What do you get when you cross a former Marine who loves horses, a staggering collection of vintage lunch boxes, a loyal clientele that’s been coming back for decades, and a light-up dance floor? If you answered “one of the most fun Friday nights you’ll find in Portland,” you’d be right on target, thanks to owner Robert “Bubba” Larkin and dive bar/dance club Bubba’s Sulky Lounge. (A sulky is a lightweight, two-wheeled, jockey-carrying cart pulled in races by horses or dogs, a nod to Larkin’s longtime love and ownership of race horses.)
Deemed the seventh-best dive bar in America in 2015 by The Daily Meal website, Bubba’s opened in 1961, and many regulars have been coming from the beginning. Grammy-winning singer-songwriter Patty Griffin even wrote a song about it. If you’ve never been, be prepared to enter an atmosphere unlike anything you’ve experienced. One fan describes it as “entering the attic of your hoarder grandmother,” and she’s not wrong. The place is massive, with different themed areas (including a post office, a diner and a barber shop), all stuffed to the gills with mannequins, antiques and, yes, over 1,000 lunch boxes. There’s also a pool table, a back room with its own bar that can be rented out for private parties, and a collection of old record players.
Sunday through Thursday, Bubba’s is home to a steady crew of day drinkers, but Friday and Saturday nights, beginning at 8:30 p.m., it transforms from dive bar to dance club.
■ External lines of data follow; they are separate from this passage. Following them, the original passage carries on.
(* Write a_k, b_k \<in> R^m for the vectors of k-th coordinates of the u_j and v_i.  Coordinatewise
   the left-hand side is \<Sum>_k |(I - P) a_k|\<^sup>2.  For symmetric stochastic P,
   \<Sum>_ij P_ij (b_i - a_j)\<^sup>2 = |b - P a|\<^sup>2 + |a|\<^sup>2 - |P a|\<^sup>2 \<ge> |a|\<^sup>2 - |P a|\<^sup>2,
   and since P - P\<^sup>2 is positive semidefinite, |P a|\<^sup>2 \<le> a \<bullet> P a, which turns
   |(I - P) a|\<^sup>2 = |a|\<^sup>2 - 2 a \<bullet> P a + |P a|\<^sup>2 into at most |a|\<^sup>2 - |P a|\<^sup>2.  Summing over k gives
   the bound with squared Euclidean distances |v_i - u_j|\<^sup>2.  These are compared with l_p norms
   by |x|_2 \<le> |x|_p for p \<le> 2 and by the power mean inequality |x|_2\<^sup>2 \<le> n^(1-2/p) |x|_p\<^sup>2
   for p \<ge> 2. *)

lemma power2_norm_vec: "(norm (x :: real^'n))\<^sup>2 = (\<Sum>k\<in>UNIV. (x$k)\<^sup>2)"
  by (simp only: power2_norm_eq_inner) (simp add: inner_vec_def power2_eq_square)

lemma stochastic_nonneg: "stochastic P \<Longrightarrow> 0 \<le> P$i$j"
  by (simp add: stochastic_def)

lemma stochastic_row_sum: "stochastic P \<Longrightarrow> (\<Sum>j\<in>UNIV. P$i$j) = 1"
  by (simp add: stochastic_def)

lemma symmetric_stochastic_column_sum:
  assumes "transpose P = P" "stochastic P"
  shows "(\<Sum>i\<in>UNIV. P$i$j) = 1"
proof -
  have "P$i$j = P$j$i" for i j
    by (metis assms(1) transpose_def vec_lambda_beta)
  then show ?thesis
    using stochastic_row_sum[OF assms(2), of j] by simp
qed

lemma symmetric_matrix_inner:
  fixes P :: "real^'m^'m"
  assumes "transpose P = P"
  shows "x \<bullet> (P *v y) = (P *v x) \<bullet> y"
  by (metis assms dot_lmul_matrix transpose_matrix_vector)

lemma symmetric_stochastic_quadratic_form_le:
  fixes P :: "real^'m^'m"
  assumes "transpose P = P" "stochastic P"
  shows "z \<bullet> (P *v z) \<le> z \<bullet> z"
proof -
  note rows = stochastic_row_sum[OF assms(2)]
  note cols = symmetric_stochastic_column_sum[OF assms]
  have "0 \<le> (\<Sum>i\<in>UNIV. \<Sum>j\<in>UNIV. P$i$j * (z$i - z$j)^2)"
    by (intro sum_nonneg mult_nonneg_nonneg stochastic_nonneg[OF assms(2)]) auto
  also have "\<dots> = (\<Sum>i\<in>UNIV. \<Sum>j\<in>UNIV. P$i$j * z$i^2) + (\<Sum>i\<in>UNIV. \<Sum>j\<in>UNIV. P$i$j * z$j^2)
      - 2 * (\<Sum>i\<in>UNIV. \<Sum>j\<in>UNIV. P$i$j * z$i * z$j)"
    by (simp add: power2_diff algebra_simps sum.distrib sum_subtractf sum_distrib_left)
  also have "(\<Sum>i\<in>UNIV. \<Sum>j\<in>UNIV. P$i$j * z$i^2) = z \<bullet> z"
    by (simp add: inner_vec_def sum_distrib_right[symmetric] rows power2_eq_square)
  also have "(\<Sum>i\<in>UNIV. \<Sum>j\<in>UNIV. P$i$j * z$j^2) = z \<bullet> z"
    by (subst sum.swap) (simp add: inner_vec_def sum_distrib_right[symmetric] cols power2_eq_square)
  also have "(\<Sum>i\<in>UNIV. \<Sum>j\<in>UNIV. P$i$j * z$i * z$j) = z \<bullet> (P *v z)"
    by (simp add: inner_vec_def matrix_vector_mult_def sum_distrib_left algebra_simps)
  finally show ?thesis by simp
qed

lemma symmetric_stochastic_psd_norm_le:
  fixes P :: "real^'m^'m"
  assumes "transpose P = P" "stochastic P" "psd P"
  shows "(norm (P *v x))\<^sup>2 \<le> x \<bullet> (P *v x)"
proof -
  \<comment> \<open>P - P P = (I - P) P (I - P) + P (I - P) P\<close>
  define z where "z = P *v x"
  define w where "w = P *v z"
  have "P *v (x - z) = z - w"
    by (simp add: z_def w_def matrix_vector_mult_diff_distrib)
  then have "(x - z) \<bullet> (P *v (x - z)) = x \<bullet> z - x \<bullet> w - z \<bullet> z + z \<bullet> w"
    by (simp add: inner_diff_left inner_diff_right inner_commute)
  moreover have "x \<bullet> w = z \<bullet> z"
    unfolding w_def z_def by (rule symmetric_matrix_inner[OF assms(1)])
  moreover have "0 \<le> (x - z) \<bullet> (P *v (x - z))"
    using assms(3) psd_def by blast
  moreover have "z \<bullet> w \<le> z \<bullet> z"
    unfolding w_def by (rule symmetric_stochastic_quadratic_form_le[OF assms(1,2)])
  ultimately have "z \<bullet> z \<le> x \<bullet> z"
    by linarith
  then show ?thesis
    by (simp add: z_def power2_norm_eq_inner)
qed

lemma symmetric_stochastic_weighted_sq_dist_eq:
  fixes P :: "real^'m^'m"
  assumes "transpose P = P" "stochastic P"
  shows "(\<Sum>i\<in>UNIV. \<Sum>j\<in>UNIV. P$i$j * (b$i - a$j)^2)
       = (norm (b - P *v a))\<^sup>2 + (norm a)\<^sup>2 - (norm (P *v a))\<^sup>2"
proof -
  note rows = stochastic_row_sum[OF assms(2)]
  note cols = symmetric_stochastic_column_sum[OF assms]
  have row: "(\<Sum>j\<in>UNIV. P$i$j * (b$i - a$j)^2)
      = (b$i - (P *v a)$i)^2 + (\<Sum>j\<in>UNIV. P$i$j * a$j^2) - ((P *v a)$i)^2" for i
  proof -
    have "(\<Sum>j\<in>UNIV. P$i$j * (b$i - a$j)^2)
        = (\<Sum>j\<in>UNIV. P$i$j) * b$i^2 - 2 * b$i * (\<Sum>j\<in>UNIV. P$i$j * a$j) + (\<Sum>j\<in>UNIV. P$i$j * a$j^2)"
      by (simp add: power2_diff algebra_simps sum.distrib sum_subtractf sum_distrib_left sum_distrib_right)
    then show ?thesis
      by (simp add: rows matrix_vector_mult_def power2_diff)
  qed
  have "(\<Sum>i\<in>UNIV. \<Sum>j\<in>UNIV. P$i$j * a$j^2) = (norm a)\<^sup>2"
    by (subst sum.swap) (simp add: power2_norm_vec sum_distrib_right[symmetric] cols)
  then show ?thesis
    by (simp add: row sum.distrib sum_subtractf power2_norm_vec)
qed

lemma symmetric_stochastic_psd_residual_le:
  fixes P :: "real^'m^'m"
  assumes "transpose P = P" "stochastic P" "psd P"
  shows "(norm (a - P *v a))\<^sup>2 \<le> (\<Sum>i\<in>UNIV. \<Sum>j\<in>UNIV. P$i$j * (b$i - a$j)^2)"
proof -
  have "(norm (a - P *v a))\<^sup>2 = (norm a)\<^sup>2 - 2 * (a \<bullet> (P *v a)) + (norm (P *v a))\<^sup>2"
    by (simp add: power2_norm_eq_inner inner_diff_left inner_diff_right inner_commute)
  also have "\<dots> \<le> (norm a)\<^sup>2 - (norm (P *v a))\<^sup>2"
    using symmetric_stochastic_psd_norm_le[OF assms, of a] by simp
  also have "\<dots> \<le> (\<Sum>i\<in>UNIV. \<Sum>j\<in>UNIV. P$i$j * (b$i - a$j)^2)"
    by (simp add: symmetric_stochastic_weighted_sq_dist_eq[OF assms(1,2)])
  finally show ?thesis .
qed

lemma lpnorm_two: "lpnorm 2 x = norm x"
proof -
  have "\<bar>x$k\<bar> powr 2 = (x$k)\<^sup>2" for k
    by (cases "x$k = 0") (simp_all add: powr_realpow)
  then show ?thesis
    by (simp add: lpnorm_def power2_norm_vec[symmetric] powr_half_sqrt)
qed

lemma lpnorm_nonneg: "0 \<le> lpnorm p x"
  by (simp add: lpnorm_def)

lemma lpnorm_powr:
  assumes "p > 0"
  shows "lpnorm p x powr p = (\<Sum>k\<in>UNIV. \<bar>x$k\<bar> powr p)"
  using assms by (simp add: lpnorm_def powr_powr sum_nonneg)

lemma lpnorm_scaleR:
  assumes "p > 0"
  shows "lpnorm p (c *\<^sub>R x) = \<bar>c\<bar> * lpnorm p x"
proof -
  have "(\<Sum>k\<in>UNIV. \<bar>(c *\<^sub>R x)$k\<bar> powr p) = \<bar>c\<bar> powr p * (\<Sum>k\<in>UNIV. \<bar>x$k\<bar> powr p)"
    by (simp add: abs_mult powr_mult sum_distrib_left)
  then show ?thesis
    using assms by (simp add: lpnorm_def powr_mult powr_powr sum_nonneg)
qed

lemma lpnorm_eq_0_iff:
  assumes "p > 0"
  shows "lpnorm p x = 0 \<longleftrightarrow> x = 0"
  using assms by (simp add: lpnorm_def sum_nonneg_eq_0_iff vec_eq_iff)

lemma lpnorm_antimono:
  assumes "0 < p" "p \<le> r"
  shows "lpnorm r x \<le> lpnorm p x"
proof (cases "x = 0")
  case True
  then show ?thesis by (simp add: lpnorm_def)
next
  case False
  define L where "L = lpnorm p x"
  have "L > 0"
    using False lpnorm_eq_0_iff[OF assms(1)] lpnorm_nonneg unfolding L_def
    by (metis less_eq_real_def)
  define y where "y = (1 / L) *\<^sub>R x"
  have "lpnorm p y = 1"
    using \<open>L > 0\<close> assms(1) by (simp add: y_def L_def lpnorm_scaleR)
  then have sum_p: "(\<Sum>k\<in>UNIV. \<bar>y$k\<bar> powr p) = 1"
    using lpnorm_powr[OF assms(1), of y] by simp
  have "\<bar>y$k\<bar> powr r \<le> \<bar>y$k\<bar> powr p" for k
  proof -
    have "\<bar>y$k\<bar> powr p \<le> 1"
      using sum_p member_le_sum[of k UNIV "\<lambda>k. \<bar>y$k\<bar> powr p"] by simp
    then have "(\<bar>y$k\<bar> powr p) powr (1/p) \<le> 1"
      using assms(1) by (simp add: powr_le1)
    then have "\<bar>y$k\<bar> \<le> 1"
      using assms(1) by (simp add: powr_powr)
    then show ?thesis
      using assms by (intro powr_mono') auto
  qed
  then have "(\<Sum>k\<in>UNIV. \<bar>y$k\<bar> powr r) \<le> 1"
    using sum_mono sum_p by (metis (no_types, lifting))
  then have "lpnorm r y \<le> 1"
    using assms by (simp add: lpnorm_def powr_le1 sum_nonneg)
  then show ?thesis
    using \<open>L > 0\<close> assms by (simp add: y_def lpnorm_scaleR L_def)
qed
lemma sector_kernel_lower_bound:
  fixes a y s R :: real
  assumes "R > 0" and "2 * R \<le> a" and "0 < y" and "y \<le> a"
  shows "(if \<bar>s\<bar> \<le> R then 1/3 else -1) / a \<le> (2 * a - s) / ((s - a)\<^sup>2 + y\<^sup>2)"
proof -
  have "a > 0" and den: "(s - a)\<^sup>2 + y\<^sup>2 > 0"
    using assms by (auto simp: add_nonneg_pos)
  show ?thesis
  proof (cases "\<bar>s\<bar> \<le> R")
    case True
    have "\<bar>s - a\<bar> \<le> \<bar>3 * a / 2\<bar>"
      using True assms by (auto simp: abs_le_iff)
    then have "(s - a)\<^sup>2 \<le> (3 * a / 2)\<^sup>2"
      by (simp only: abs_le_square_iff)
    moreover have "y\<^sup>2 \<le> a\<^sup>2"
      using assms by (simp add: power_mono)
    moreover have "3 * a * (3 * a / 2) \<le> 3 * a * (2 * a - s)"
      using True assms \<open>a > 0\<close> by (intro mult_left_mono) auto
    moreover have "(3 * a / 2)\<^sup>2 = 9/4 * a\<^sup>2" and "3 * a * (3 * a / 2) = 9/2 * a\<^sup>2"
      by (simp_all add: power2_eq_square)
    ultimately have "(s - a)\<^sup>2 + y\<^sup>2 \<le> 3 * a * (2 * a - s)"
      using zero_le_power2[of a] by linarith
    then show ?thesis
      using True den \<open>a > 0\<close> by (simp add: field_simps)
  next
    case False
    have "(s - a)\<^sup>2 + y\<^sup>2 - a * (s - 2 * a) = ((2 * s - 3 * a)\<^sup>2 + 3 * a\<^sup>2 + 4 * y\<^sup>2) / 4"
      by (simp add: power2_eq_square algebra_simps)
    moreover have "0 \<le> ((2 * s - 3 * a)\<^sup>2 + 3 * a\<^sup>2 + 4 * y\<^sup>2) / 4"
      by simp
    ultimately have "a * (s - 2 * a) \<le> (s - a)\<^sup>2 + y\<^sup>2"
      by linarith
    then show ?thesis
      using False den \<open>a > 0\<close> by (simp add: field_simps)
  qed
qed

lemma le_max_if_deriv_neg_above:
  fixes f f' :: "real \<Rightarrow> real"
  assumes deriv: "\<And>t. t \<ge> T \<Longrightarrow> (f has_real_derivative f' t) (at t)"
    and neg: "\<And>t. t \<ge> T \<Longrightarrow> f t > c \<Longrightarrow> f' t < 0"
    and "t \<ge> T"
  shows "f t \<le> max c (f T)"
proof (rule ccontr)
  assume above: "\<not> f t \<le> max c (f T)"
  have "continuous_on {T..t} f"
    using deriv by (intro continuous_at_imp_continuous_on ballI DERIV_isCont) auto
  then obtain m where m: "m \<in> {T..t}" and max: "\<And>y. y \<in> {T..t} \<Longrightarrow> f y \<le> f m"
    using continuous_attains_sup[of "{T..t}" f] \<open>t \<ge> T\<close> by auto
  have "f m > max c (f T)"
    using max[of t] \<open>t \<ge> T\<close> above by auto
  then have "m \<noteq> T" and "f' m < 0"
    using m neg[of m] by auto
  with m have "m > T"
    by simp
  then have "(f has_real_derivative f' m) (at m)"
    using deriv by simp
  then obtain d where "d > 0" and dec: "\<And>h. 0 < h \<Longrightarrow> h < d \<Longrightarrow> f m < f (m - h)"
    using DERIV_neg_dec_left \<open>f' m < 0\<close> by blast
  define h where "h = min (d / 2) (m - T)"
  have "f m < f (m - h)"
    using dec \<open>d > 0\<close> \<open>m > T\<close> unfolding h_def by auto
  moreover have "m - h \<in> {T..t}"
    using m \<open>d > 0\<close> \<open>m > T\<close> unfolding h_def by auto
  ultimately show False
    using max by fastforce
qed

lemma has_real_derivative_Re_divide_Im:
  fixes w :: "real \<Rightarrow> complex"
  assumes "(w has_vector_derivative w') (at t)" and "Im (w t) \<noteq> 0"
  shows "((\<lambda>t. Re (w t) / Im (w t)) has_real_derivative - Im (cnj (w t) * w') / (Im (w t))\<^sup>2) (at t)"
proof -
  have "((\<lambda>t. Re (w t)) has_real_derivative Re w') (at t)"
    and "((\<lambda>t. Im (w t)) has_real_derivative Im w') (at t)"
    using bounded_linear.has_vector_derivative[OF bounded_linear_Re assms(1)]
      bounded_linear.has_vector_derivative[OF bounded_linear_Im assms(1)]
    by (simp_all add: has_real_derivative_iff_has_vector_derivative)
  from DERIV_divide[OF this assms(2)] show ?thesis
    by (rule DERIV_cong) (simp add: power2_eq_square algebra_simps)
qed

lemma norm_diff_le_if_vector_derivative_bounded:
  fixes f f' :: "real \<Rightarrow> 'a::real_normed_vector"
  assumes "\<And>t. t \<ge> T \<Longrightarrow> (f has_vector_derivative f' t) (at t within {T..})"
    and "\<And>t. t \<ge> T \<Longrightarrow> norm (f' t) \<le> B" and "t \<ge> T"
  shows "norm (f t - f T) \<le> B * (t - T)"
proof -
  have "norm (f t - f T) \<le> B * norm (t - T)"
  proof (rule differentiable_bound[of "{T..}" f "\<lambda>t s. s *\<^sub>R f' t"])
    show "(f has_derivative (\<lambda>s. s *\<^sub>R f' x)) (at x within {T..})" if "x \<in> {T..}" for x
      using assms(1) that by (simp add: has_vector_derivative_def)
    show "onorm (\<lambda>s. s *\<^sub>R f' x) \<le> B" if "x \<in> {T..}" for x
      using assms(2)[of x] that
      by (intro onorm_le) (metis abs_ge_zero atLeast_iff mult.commute mult_left_mono norm_scaleR real_norm_def)
  qed (use assms(3) in auto)
  then show ?thesis
    using assms(3) by simp
qed
(* Let $S$ be a Boolean inverse semigroup and $s,t\in S$ with $s\sim t$. Then $s\,\triangledown\,t=s\vee t$.
   Context: $S$ is an inverse semigroup with zero in which every pair of compatible elements has a join, multiplication distributes over such joins, and the semilattice of idempotents is a generalized Boolean algebra (a distributive lattice with bottom in which each principal order ideal is a unital Boolean algebra); no identity is assumed. $\mathbf{d}(a)=a^{-1}a$, $\mathbf{r}(a)=aa^{-1}$; $s\sim t$ means $s^{-1}t$ and $st^{-1}$ are idempotents. For idempotents $e,f$, $e\setminus ef$ denotes the relative complement of $ef$ below $e$. For $a,b\in S$ put $e=\mathbf{d}(a)\setminus\mathbf{d}(a)\mathbf{d}(b)$, $f=\mathbf{r}(b)\setminus\mathbf{r}(a)\mathbf{r}(b)$, $a\ominus b=fae$ (left skew difference; it is orthogonal to $b$), and $a\,\triangledown\,b=(a\ominus b)\vee b$ (left skew join). *)

theory Defs
  imports Main
begin

definition inverse_semigroup :: "('a \<Rightarrow> 'a \<Rightarrow> 'a) \<Rightarrow> bool" where
  "inverse_semigroup m \<longleftrightarrow>
     (\<forall>a b c. m (m a b) c = m a (m b c)) \<and>
     (\<forall>a. \<exists>!b. m (m a b) a = a \<and> m (m b a) b = b)"

definition isg_inv :: "('a \<Rightarrow> 'a \<Rightarrow> 'a) \<Rightarrow> 'a \<Rightarrow> 'a" where
  "isg_inv m a = (THE b. m (m a b) a = a \<and> m (m b a) b = b)"

definition is_zero :: "('a \<Rightarrow> 'a \<Rightarrow> 'a) \<Rightarrow> 'a \<Rightarrow> bool" where
  "is_zero m z \<longleftrightarrow> (\<forall>a. m z a = z \<and> m a z = z)"

definition idem :: "('a \<Rightarrow> 'a \<Rightarrow> 'a) \<Rightarrow> 'a \<Rightarrow> bool" where
  "idem m e \<longleftrightarrow> m e e = e"

definition dom_s :: "('a \<Rightarrow> 'a \<Rightarrow> 'a) \<Rightarrow> 'a \<Rightarrow> 'a" where
  "dom_s m a = m (isg_inv m a) a"

definition ran_s :: "('a \<Rightarrow> 'a \<Rightarrow> 'a) \<Rightarrow> 'a \<Rightarrow> 'a" where
  "ran_s m a = m a (isg_inv m a)"

definition nat_le :: "('a \<Rightarrow> 'a \<Rightarrow> 'a) \<Rightarrow> 'a \<Rightarrow> 'a \<Rightarrow> bool" where
  "nat_le m s t \<longleftrightarrow> s = m t (dom_s m s)"

definition compat :: "('a \<Rightarrow> 'a \<Rightarrow> 'a) \<Rightarrow> 'a \<Rightarrow> 'a \<Rightarrow> bool" where
  "compat m s t \<longleftrightarrow> idem m (m (isg_inv m s) t) \<and> idem m (m s (isg_inv m t))"

definition is_join :: "('a \<Rightarrow> 'a \<Rightarrow> 'a) \<Rightarrow> 'a \<Rightarrow> 'a \<Rightarrow> 'a \<Rightarrow> bool" where
  "is_join m x s t \<longleftrightarrow> nat_le m s x \<and> nat_le m t x \<and>
     (\<forall>y. nat_le m s y \<and> nat_le m t y \<longrightarrow> nat_le m x y)"

definition join :: "('a \<Rightarrow> 'a \<Rightarrow> 'a) \<Rightarrow> 'a \<Rightarrow> 'a \<Rightarrow> 'a" where
  "join m s t = (THE x. is_join m x s t)"

definition is_join_E :: "('a \<Rightarrow> 'a \<Rightarrow> 'a) \<Rightarrow> 'a \<Rightarrow> 'a \<Rightarrow> 'a \<Rightarrow> bool" where
  "is_join_E m x e f \<longleftrightarrow> idem m x \<and> nat_le m e x \<and> nat_le m f x \<and>
     (\<forall>y. idem m y \<and> nat_le m e y \<and> nat_le m f y \<longrightarrow> nat_le m x y)"

definition join_E :: "('a \<Rightarrow> 'a \<Rightarrow> 'a) \<Rightarrow> 'a \<Rightarrow> 'a \<Rightarrow> 'a" where
  "join_E m e f = (THE x. is_join_E m x e f)"

text \<open>The idempotents form a generalized Boolean algebra: a distributive lattice
  (meet = product) with bottom z in which every principal order ideal is a Boolean algebra,
  i.e. relative complements exist.\<close>
definition gen_boolean_idems :: "('a \<Rightarrow> 'a \<Rightarrow> 'a) \<Rightarrow> 'a \<Rightarrow> bool" where
  "gen_boolean_idems m z \<longleftrightarrow>
     (\<forall>e f. idem m e \<and> idem m f \<longrightarrow> (\<exists>x. is_join_E m x e f)) \<and>
     (\<forall>e f g. idem m e \<and> idem m f \<and> idem m g \<longrightarrow>
         m e (join_E m f g) = join_E m (m e f) (m e g)) \<and>
     (\<forall>e f. idem m e \<and> idem m f \<and> nat_le m e f \<longrightarrow>
         (\<exists>g. idem m g \<and> nat_le m g f \<and> m e g = z \<and> join_E m e g = f))"

definition rel_compl :: "('a \<Rightarrow> 'a \<Rightarrow> 'a) \<Rightarrow> 'a \<Rightarrow> 'a \<Rightarrow> 'a \<Rightarrow> 'a" where
  "rel_compl m z e f = (THE g. idem m g \<and> nat_le m g e \<and> m f g = z \<and> join_E m f g = e)"

definition boolean_inverse_semigroup :: "('a \<Rightarrow> 'a \<Rightarrow> 'a) \<Rightarrow> 'a \<Rightarrow> bool" where
  "boolean_inverse_semigroup m z \<longleftrightarrow>
     inverse_semigroup m \<and> is_zero m z \<and>
     (\<forall>s t. compat m s t \<longrightarrow> (\<exists>x. is_join m x s t)) \<and>
     (\<forall>a s t. compat m s t \<longrightarrow>
         m a (join m s t) = join m (m a s) (m a t) \<and>
         m (join m s t) a = join m (m s a) (m t a)) \<and>
     gen_boolean_idems m z"

definition skew_diff :: "('a \<Rightarrow> 'a \<Rightarrow> 'a) \<Rightarrow> 'a \<Rightarrow> 'a \<Rightarrow> 'a \<Rightarrow> 'a" where
  "skew_diff m z a b =
     (let e = rel_compl m z (dom_s m a) (m (dom_s m a) (dom_s m b));
          f = rel_compl m z (ran_s m a) (m (ran_s m a) (ran_s m b))
      in m (m f a) e)"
Every Friday is ’80s Night, with free admission for people who show up in head-to-toe ’80s attire. Party poopers pay a $5 cover. Revelers range from 20-somethings to 90-somethings, all of whom fit right in. On Saturday nights the crowd is a bit younger, and the music focuses on music from the ’90s onward.
A cash-only establishment (with an ATM on the premises), Bubba’s isn’t the place for a fancy cocktail – it serves basic mixed drinks and canned or bottled beers. While the bartenders take great care of both old and new customers, you don’t go to Bubba’s for the drinks. You come for the energy of the crowd and the sheer fabulosity of the surroundings. It’s rare to go to a place where employees and patrons alike rave about how much they love the owner, telling you one story after another about things Larkin has done to help people, but in Bubba’s you feel like you’re part of one big happy (but slightly dysfunctional) family.
Angie Bryan is the Bar Guide columnist for the Portland Press Herald.